Elaine (Brittany O’Grady), die Assistentin der früheren Geschäftsleitung, versucht immer wieder die Interessen ihrer Kollegen zu vertreten und zu schlichten. Dabei nähert sie sich aber Patoff immer mehr an. Als der mit Elaine befreundete Kollege Craig (Nat Wolff) ein neues Spiel entwirft, könnte das die Firma ökonomisch retten. Aber gleichzeitig wird Craig immer misstrauischer gegenüber dem neuen Boss Patoff, der ihn daraufhin zu einer bizarren nächtlichen Sauftour einlädt.

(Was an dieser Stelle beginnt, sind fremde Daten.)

(* Let $\mathcal{X}\subseteq\mathbb{R}^n$, let $\mathcal{W}=[0,L_0]\times\cdots\times[0,L_{v-1}]\subset\mathbb{R}^v$ with $L_i>0$, let $g:\mathcal{X}\to\mathcal{W}$ be a fixed (Borel measurable) map, and let $\mu$ be a Borel probability measure on $\mathcal{W}$. Then the spectral ergodic cost function $\mathcal{E}_\mu$ (defined below) is a $\mu$-ergodic cost function; that is, for every continuous trajectory $x:\mathbb{R}^+\to\mathcal{X}$, if $\mathcal{E}_\mu(x|_{[0,T]})\to 0$ as $T\to\infty$, then the time-averaged measures $\mathcal{Q}_T$ of $x$ converge weakly to $\mu$ as $T\to\infty$, i.e. $\lim_{T\to\infty}\int_{\mathcal{W}}\phi\,d\mathcal{Q}_T=\int_{\mathcal{W}}\phi\,d\mu$ for every continuous $\phi:\mathcal{W}\to\mathbb{R}$.
   Context: For a continuous trajectory $x:[0,T]\to\mathcal{X}$ (or the restriction $x|_{[0,T]}$ of $x:\mathbb{R}^+\to\mathcal{X}$), the time-averaged trajectory statistics measure is the probability measure on $\mathcal{W}$ given by $\mathcal{Q}_T(A)=\frac{1}{T}\,m\big((g\circ x)^{-1}(A)\cap[0,T]\big)$ for Borel $A\subset\mathcal{W}$, where $m$ is Lebesgue measure on $\mathbb{R}^+$; equivalently $\int_{\mathcal{W}}\phi\,d\mathcal{Q}_T=\frac1T\int_0^T\phi(g(x(t)))\,dt$. Let $\mathcal{K}^v=\mathbb{N}^v$ be the set of all integer frequency multi-indices $k=(k_0,\dots,k_{v-1})$, and for each $k$ let $F_k(w)=\frac{1}{h_k}\prod_{i=0}^{v-1}\cos\!\left(\frac{w_i k_i\pi}{L_i}\right)$, where $h_k>0$ is a normalizing constant. Let $\Lambda_k=(1+\|k\|_2)^{-\frac{v+1}{2}}$. The spectral ergodic cost of $x:[0,T]\to\mathcal{X}$ is $\mathcal{E}_\mu(x)=\sum_{k\in\mathcal{K}^v}\Lambda_k\left(\frac1T\int_0^T F_k(g(x(t)))\,dt-\int_{\mathcal{W}}F_k(w)\,d\mu(w)\right)^2.$ A $\mu$-ergodic cost function is a function $\mathcal{E}$ on finite-time trajectories such that for every trajectory $x:\mathbb{R}^+\to\mathcal{X}$, $\mathcal{E}(x|_{[0,T]})\to0$ as $T\to\infty$ implies $x$ is ergodic with respect to $\mu$, meaning $\mathcal{Q}_T$ converges weakly to $\mu$. *)

theory Defs
  imports "HOL-Probability.Probability"
begin

definition workspace :: "real^'v \<Rightarrow> (real^'v) set" where
  "workspace L = {w. \<forall>i. 0 \<le> w$i \<and> w$i \<le> L$i}"

definition fourier_basis :: "(('v::finite \<Rightarrow> nat) \<Rightarrow> real) \<Rightarrow> real^'v \<Rightarrow> ('v \<Rightarrow> nat) \<Rightarrow> real^'v \<Rightarrow> real" where
  "fourier_basis h L k w = (1 / h k) * (\<Prod>i\<in>UNIV. cos (w$i * real (k i) * pi / L$i))"

definition spectral_weight :: "('v::finite \<Rightarrow> nat) \<Rightarrow> real" where
  "spectral_weight k = (1 + sqrt (\<Sum>i\<in>UNIV. (real (k i))\<^sup>2)) powr (- (real CARD('v) + 1) / 2)"

text \<open>Time average (1/T) int_0^T phi(g(x t)) dt, i.e. the integral of phi against Q_T.\<close>
definition time_average :: "('x \<Rightarrow> 'w) \<Rightarrow> (real \<Rightarrow> 'x) \<Rightarrow> real \<Rightarrow> ('w \<Rightarrow> real) \<Rightarrow> real" where
  "time_average g x T \<phi> = (1 / T) * (LINT t:{0..T}|lborel. \<phi> (g (x t)))"

text \<open>Spectral ergodic cost of x restricted to [0,T]; valued in ennreal so that a divergent
  series counts as +infinity.\<close>
definition spectral_ergodic_cost ::
  "(('v::finite \<Rightarrow> nat) \<Rightarrow> real) \<Rightarrow> real^'v \<Rightarrow> (real^'v) measure \<Rightarrow> ('x \<Rightarrow> real^'v)
     \<Rightarrow> (real \<Rightarrow> 'x) \<Rightarrow> real \<Rightarrow> ennreal" where
  "spectral_ergodic_cost h L \<mu> g x T =
     (\<Sum>\<^sub>\<infinity>k\<in>UNIV. ennreal (spectral_weight k *
        (time_average g x T (fourier_basis h L k) - (\<integral>w. fourier_basis h L k w \<partial>\<mu>))\<^sup>2))"

definition ergodic_wrt :: "('x \<Rightarrow> 'w::topological_space) \<Rightarrow> 'w measure \<Rightarrow> (real \<Rightarrow> 'x) \<Rightarrow> bool" where
  "ergodic_wrt g \<mu> x \<longleftrightarrow>
     (\<forall>\<phi>. continuous_on (space \<mu>) \<phi> \<longrightarrow>
        ((\<lambda>T. time_average g x T \<phi>) \<longlongrightarrow> (\<integral>w. \<phi> w \<partial>\<mu>)) at_top)"

definition ergodic_cost_function ::
  "('x::topological_space) set \<Rightarrow> ('x \<Rightarrow> 'w::topological_space) \<Rightarrow> 'w measure
     \<Rightarrow> ((real \<Rightarrow> 'x) \<Rightarrow> real \<Rightarrow> ennreal) \<Rightarrow> bool" where
  "ergodic_cost_function X g \<mu> E \<longleftrightarrow>
     (\<forall>x. continuous_on {0..} x \<longrightarrow> x ` {0..} \<subseteq> X \<longrightarrow>
        ((\<lambda>T. E x T) \<longlongrightarrow> 0) at_top \<longrightarrow> ergodic_wrt g \<mu> x)"

end

theory Submission
  imports Defs
begin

»The Consultant« ist ein psychologischer Horrorthriller, der aber ohne genreübliche Brutalitäten auskommt. Die hier ausgeübte Gewalt ist rein psychologischer Natur. Dabei wird in den acht halbstündigen, sehr kurzweilig erzählten und ziemlich spannenden Episoden eine künstliche, makabre und stellenweise furchteinflößende Welt entworfen. Wo an einem Abend ein schicker Nachtclub ist, in den Patoff Craig mitnimmt, befindet sich zu Craigs Überraschung am nächsten Morgen ein Großraumbüro. Hat es den Club je gegeben? Leidet er an Halluzinationen?

Ein früherer Kunde Patoffs, den Craig ausfindig macht, entpuppt sich als Goldschmied, der ihm im Lauf von Jahren ein geheimnisvolles goldenes Skelett angefertigt hat. Und der Beratervertrag, den Patoff mit dem mittlerweile ermordeten Firmenchef von »CompWare« geschlossen hatte, erinnert ein wenig an einen Handel mit dem Teufel. Ist Regus Patoff wirklich der, der er vorgibt zu sein? Allzu simple und platte Erklärungen oder Auflösungen bietet diese Serie aber zum Glück nicht.

Es geht in »The Consultant« vielmehr um die Ängste der Mitarbeiter, um die Dynamik autoritärer Zurichtung am Arbeitsplatz, die auch mal mit ganz freundschaftlichen Gesten einhergeht und den entfremdenden Charakter der sozialen Umgangsformen in unserer Arbeitswelt als bitter-böse Satire inszeniert. Der Name des Beraters Regus Patoff ist übrigens das Annagramm der in den USA auf zahlreichen Verpackungen zu findenden Abkürzung »Reg US Pat Off« für »Registered in U.S. Patent and Trademark Office«, der Hinweis auf die Registrierung von Firmen und deren Produkten. Regus Patoff ist eine Art Dämon der kapitalistischen Arbeitswelt, der dann am Ende wieder verschwindet, aber die Menschen in seiner Umgebung nachhaltig geprägt hat.